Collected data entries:

......

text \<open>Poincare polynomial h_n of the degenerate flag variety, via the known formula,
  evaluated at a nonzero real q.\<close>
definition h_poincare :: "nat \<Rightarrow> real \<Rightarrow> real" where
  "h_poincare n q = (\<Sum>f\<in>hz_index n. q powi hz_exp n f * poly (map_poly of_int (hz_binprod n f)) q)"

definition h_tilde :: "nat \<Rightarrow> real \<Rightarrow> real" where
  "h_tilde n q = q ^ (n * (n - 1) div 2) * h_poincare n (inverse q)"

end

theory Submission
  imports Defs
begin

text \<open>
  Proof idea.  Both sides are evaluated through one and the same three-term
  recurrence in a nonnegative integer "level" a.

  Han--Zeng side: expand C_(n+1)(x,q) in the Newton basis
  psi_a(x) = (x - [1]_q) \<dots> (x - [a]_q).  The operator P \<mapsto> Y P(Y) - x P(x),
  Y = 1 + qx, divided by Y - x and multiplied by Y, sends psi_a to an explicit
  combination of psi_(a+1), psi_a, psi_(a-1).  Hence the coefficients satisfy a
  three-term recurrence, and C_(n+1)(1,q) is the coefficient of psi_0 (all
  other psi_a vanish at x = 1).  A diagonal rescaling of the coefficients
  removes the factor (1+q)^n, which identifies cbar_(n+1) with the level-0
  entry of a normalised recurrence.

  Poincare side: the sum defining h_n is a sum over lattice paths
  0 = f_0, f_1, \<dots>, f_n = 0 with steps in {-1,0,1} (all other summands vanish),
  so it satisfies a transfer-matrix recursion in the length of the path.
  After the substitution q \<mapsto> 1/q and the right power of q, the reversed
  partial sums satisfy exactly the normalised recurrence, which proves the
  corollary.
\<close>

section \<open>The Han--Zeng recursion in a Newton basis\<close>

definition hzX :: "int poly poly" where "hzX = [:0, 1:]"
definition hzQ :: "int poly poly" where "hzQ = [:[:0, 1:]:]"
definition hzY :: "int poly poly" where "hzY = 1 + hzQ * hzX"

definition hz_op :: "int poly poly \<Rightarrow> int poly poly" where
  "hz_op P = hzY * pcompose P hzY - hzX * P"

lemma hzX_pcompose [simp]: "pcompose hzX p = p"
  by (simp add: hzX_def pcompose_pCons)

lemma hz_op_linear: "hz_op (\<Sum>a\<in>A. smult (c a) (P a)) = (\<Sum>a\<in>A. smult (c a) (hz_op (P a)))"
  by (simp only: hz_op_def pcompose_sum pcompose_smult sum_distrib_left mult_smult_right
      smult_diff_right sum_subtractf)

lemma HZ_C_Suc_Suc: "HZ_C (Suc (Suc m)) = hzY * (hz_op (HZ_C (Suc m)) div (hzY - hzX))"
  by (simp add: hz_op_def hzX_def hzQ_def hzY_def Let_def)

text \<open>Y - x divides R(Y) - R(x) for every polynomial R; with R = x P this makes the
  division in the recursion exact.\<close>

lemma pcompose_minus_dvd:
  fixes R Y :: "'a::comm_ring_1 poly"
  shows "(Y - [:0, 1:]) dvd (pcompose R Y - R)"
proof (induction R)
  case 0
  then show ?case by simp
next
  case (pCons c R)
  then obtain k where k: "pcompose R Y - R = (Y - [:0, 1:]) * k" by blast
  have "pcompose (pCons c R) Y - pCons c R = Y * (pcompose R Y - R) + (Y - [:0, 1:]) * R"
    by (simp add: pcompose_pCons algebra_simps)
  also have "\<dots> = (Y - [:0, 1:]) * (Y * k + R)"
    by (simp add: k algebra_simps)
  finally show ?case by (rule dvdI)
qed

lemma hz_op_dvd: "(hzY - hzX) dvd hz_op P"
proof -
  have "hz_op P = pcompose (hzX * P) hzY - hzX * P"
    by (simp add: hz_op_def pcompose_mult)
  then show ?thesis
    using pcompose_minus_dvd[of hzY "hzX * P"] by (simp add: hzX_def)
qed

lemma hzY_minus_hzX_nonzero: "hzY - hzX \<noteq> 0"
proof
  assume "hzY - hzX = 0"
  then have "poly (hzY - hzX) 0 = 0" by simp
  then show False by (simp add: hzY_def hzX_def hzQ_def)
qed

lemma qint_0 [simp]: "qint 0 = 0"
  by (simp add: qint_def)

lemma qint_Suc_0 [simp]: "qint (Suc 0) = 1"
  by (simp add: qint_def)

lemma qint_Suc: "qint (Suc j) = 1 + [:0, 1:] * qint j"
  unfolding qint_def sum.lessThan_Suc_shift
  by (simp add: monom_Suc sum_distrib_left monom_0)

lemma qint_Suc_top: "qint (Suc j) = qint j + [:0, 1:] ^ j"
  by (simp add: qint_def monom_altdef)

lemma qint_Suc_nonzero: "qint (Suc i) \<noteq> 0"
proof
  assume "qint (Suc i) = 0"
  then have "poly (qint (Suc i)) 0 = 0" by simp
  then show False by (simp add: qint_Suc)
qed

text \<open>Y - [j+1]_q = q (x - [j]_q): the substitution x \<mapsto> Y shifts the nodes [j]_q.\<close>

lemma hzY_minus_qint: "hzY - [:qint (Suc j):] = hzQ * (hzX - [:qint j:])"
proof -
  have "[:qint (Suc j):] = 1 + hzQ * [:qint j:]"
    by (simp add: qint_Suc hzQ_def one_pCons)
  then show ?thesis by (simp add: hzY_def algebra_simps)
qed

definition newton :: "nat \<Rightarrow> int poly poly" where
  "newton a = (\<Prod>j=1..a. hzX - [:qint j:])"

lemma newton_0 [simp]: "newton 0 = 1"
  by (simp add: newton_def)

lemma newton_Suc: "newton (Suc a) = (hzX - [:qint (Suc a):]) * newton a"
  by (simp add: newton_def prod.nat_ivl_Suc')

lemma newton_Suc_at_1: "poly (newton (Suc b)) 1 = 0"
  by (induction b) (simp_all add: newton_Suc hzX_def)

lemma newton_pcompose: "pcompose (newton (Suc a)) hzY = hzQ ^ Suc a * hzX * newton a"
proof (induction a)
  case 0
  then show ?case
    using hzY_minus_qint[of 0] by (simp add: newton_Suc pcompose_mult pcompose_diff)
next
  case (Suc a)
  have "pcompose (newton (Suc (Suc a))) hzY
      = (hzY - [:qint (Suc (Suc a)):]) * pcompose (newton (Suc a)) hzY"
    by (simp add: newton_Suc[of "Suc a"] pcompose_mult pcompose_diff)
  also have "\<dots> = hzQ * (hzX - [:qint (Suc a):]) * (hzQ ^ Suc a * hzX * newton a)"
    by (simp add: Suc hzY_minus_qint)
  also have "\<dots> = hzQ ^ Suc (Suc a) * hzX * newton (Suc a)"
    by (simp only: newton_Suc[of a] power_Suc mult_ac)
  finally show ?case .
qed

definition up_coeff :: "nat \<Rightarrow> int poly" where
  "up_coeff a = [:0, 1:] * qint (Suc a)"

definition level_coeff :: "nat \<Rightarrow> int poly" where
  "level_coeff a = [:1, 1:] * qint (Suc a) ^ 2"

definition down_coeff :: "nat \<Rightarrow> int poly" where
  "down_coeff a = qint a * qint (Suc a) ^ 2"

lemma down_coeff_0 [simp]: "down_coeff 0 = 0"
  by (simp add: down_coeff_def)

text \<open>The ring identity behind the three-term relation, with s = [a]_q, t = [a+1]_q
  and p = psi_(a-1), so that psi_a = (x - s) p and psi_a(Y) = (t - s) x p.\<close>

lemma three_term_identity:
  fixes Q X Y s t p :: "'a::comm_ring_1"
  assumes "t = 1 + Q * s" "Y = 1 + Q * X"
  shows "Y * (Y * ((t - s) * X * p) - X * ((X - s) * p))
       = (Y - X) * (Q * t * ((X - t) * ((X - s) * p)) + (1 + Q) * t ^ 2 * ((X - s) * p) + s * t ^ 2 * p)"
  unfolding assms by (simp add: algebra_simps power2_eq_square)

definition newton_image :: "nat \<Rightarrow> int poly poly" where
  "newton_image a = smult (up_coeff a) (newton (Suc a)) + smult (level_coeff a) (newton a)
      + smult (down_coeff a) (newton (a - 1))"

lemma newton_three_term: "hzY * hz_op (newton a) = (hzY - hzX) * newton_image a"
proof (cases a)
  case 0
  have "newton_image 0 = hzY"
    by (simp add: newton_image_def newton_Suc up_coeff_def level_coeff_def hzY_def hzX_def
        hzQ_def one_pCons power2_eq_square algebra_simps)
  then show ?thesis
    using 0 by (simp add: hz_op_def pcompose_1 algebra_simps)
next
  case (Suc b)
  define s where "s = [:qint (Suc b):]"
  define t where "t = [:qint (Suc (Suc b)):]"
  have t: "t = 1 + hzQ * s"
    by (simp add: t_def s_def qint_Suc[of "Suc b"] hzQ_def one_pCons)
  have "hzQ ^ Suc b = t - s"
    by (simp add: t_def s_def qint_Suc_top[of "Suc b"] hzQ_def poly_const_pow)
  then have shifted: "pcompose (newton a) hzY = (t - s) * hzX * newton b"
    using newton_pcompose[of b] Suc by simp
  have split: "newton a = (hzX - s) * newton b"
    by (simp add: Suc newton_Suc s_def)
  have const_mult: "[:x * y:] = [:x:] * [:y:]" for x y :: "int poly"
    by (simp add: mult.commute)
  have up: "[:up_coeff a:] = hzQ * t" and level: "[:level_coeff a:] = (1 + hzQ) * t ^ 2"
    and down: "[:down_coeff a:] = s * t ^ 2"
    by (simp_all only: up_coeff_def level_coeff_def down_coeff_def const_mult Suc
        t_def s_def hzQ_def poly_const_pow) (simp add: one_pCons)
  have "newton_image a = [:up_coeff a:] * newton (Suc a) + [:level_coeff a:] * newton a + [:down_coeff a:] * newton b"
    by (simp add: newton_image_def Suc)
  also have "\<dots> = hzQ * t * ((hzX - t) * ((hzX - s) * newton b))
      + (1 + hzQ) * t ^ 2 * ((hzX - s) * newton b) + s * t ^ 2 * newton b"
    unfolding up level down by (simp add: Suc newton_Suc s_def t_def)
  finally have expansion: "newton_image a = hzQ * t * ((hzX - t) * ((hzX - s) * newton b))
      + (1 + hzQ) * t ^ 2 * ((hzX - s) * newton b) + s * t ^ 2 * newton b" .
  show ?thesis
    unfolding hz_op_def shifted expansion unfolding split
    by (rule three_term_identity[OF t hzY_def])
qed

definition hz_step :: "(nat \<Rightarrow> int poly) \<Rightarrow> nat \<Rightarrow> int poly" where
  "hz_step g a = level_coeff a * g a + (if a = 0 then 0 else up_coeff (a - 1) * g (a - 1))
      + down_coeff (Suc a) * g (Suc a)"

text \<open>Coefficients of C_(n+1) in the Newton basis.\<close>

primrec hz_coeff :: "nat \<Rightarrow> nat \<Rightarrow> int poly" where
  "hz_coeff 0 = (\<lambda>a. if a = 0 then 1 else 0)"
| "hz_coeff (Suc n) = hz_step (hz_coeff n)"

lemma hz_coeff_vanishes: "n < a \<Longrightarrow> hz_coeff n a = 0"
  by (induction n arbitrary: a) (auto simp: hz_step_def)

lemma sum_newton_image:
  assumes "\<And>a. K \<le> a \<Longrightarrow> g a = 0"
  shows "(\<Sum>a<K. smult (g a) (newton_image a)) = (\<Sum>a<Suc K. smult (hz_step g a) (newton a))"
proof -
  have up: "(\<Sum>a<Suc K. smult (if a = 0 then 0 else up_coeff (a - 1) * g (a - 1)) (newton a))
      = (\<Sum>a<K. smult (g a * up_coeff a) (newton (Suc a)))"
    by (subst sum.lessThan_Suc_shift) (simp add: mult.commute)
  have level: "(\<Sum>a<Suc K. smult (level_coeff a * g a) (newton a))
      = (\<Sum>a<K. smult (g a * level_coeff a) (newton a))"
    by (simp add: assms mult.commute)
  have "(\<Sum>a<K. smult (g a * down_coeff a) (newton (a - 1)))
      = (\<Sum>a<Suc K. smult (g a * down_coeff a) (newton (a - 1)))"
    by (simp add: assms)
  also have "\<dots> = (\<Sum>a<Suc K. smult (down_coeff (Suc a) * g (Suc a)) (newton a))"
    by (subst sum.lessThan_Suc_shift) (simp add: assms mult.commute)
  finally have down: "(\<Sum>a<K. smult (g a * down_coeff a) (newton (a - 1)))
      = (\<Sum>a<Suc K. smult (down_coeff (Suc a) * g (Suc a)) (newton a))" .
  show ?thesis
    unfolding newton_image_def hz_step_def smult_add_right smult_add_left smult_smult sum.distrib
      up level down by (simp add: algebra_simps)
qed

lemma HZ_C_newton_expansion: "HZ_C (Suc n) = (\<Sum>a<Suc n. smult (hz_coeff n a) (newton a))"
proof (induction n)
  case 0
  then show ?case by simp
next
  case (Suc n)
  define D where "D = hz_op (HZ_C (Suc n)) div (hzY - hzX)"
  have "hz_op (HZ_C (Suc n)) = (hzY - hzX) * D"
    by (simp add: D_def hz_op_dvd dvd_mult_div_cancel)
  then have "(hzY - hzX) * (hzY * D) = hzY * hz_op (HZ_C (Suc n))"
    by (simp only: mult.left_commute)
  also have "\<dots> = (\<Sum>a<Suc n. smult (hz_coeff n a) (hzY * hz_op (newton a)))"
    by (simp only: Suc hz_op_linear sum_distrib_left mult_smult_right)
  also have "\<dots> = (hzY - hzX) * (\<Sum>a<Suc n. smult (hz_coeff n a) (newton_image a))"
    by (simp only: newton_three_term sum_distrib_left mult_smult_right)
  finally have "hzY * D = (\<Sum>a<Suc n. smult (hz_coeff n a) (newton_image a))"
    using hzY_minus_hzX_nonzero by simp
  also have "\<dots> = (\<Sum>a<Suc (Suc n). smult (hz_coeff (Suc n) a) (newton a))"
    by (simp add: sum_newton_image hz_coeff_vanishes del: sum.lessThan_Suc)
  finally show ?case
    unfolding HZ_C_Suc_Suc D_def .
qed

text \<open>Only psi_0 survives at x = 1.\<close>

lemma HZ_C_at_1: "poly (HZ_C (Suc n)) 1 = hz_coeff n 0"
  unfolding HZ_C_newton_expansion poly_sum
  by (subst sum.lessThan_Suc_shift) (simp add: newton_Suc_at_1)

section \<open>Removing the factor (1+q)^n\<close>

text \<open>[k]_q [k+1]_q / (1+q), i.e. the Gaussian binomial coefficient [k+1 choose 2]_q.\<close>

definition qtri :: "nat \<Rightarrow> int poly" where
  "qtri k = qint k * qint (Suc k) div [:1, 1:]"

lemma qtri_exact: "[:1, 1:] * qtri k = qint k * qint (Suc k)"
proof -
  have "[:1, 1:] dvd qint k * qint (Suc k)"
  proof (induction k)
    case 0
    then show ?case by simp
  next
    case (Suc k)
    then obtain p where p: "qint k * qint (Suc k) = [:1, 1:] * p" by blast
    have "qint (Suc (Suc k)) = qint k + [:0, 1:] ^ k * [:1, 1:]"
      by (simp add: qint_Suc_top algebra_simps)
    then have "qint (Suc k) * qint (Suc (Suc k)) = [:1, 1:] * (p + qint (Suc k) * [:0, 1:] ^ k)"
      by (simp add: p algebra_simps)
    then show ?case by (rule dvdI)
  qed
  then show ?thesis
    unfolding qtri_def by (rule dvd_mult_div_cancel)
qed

......

WORK TO BE COMPLETED:
Please say how many lines of the records contain the word "shifted", giving the number by itself.

TASK ANSWER:
2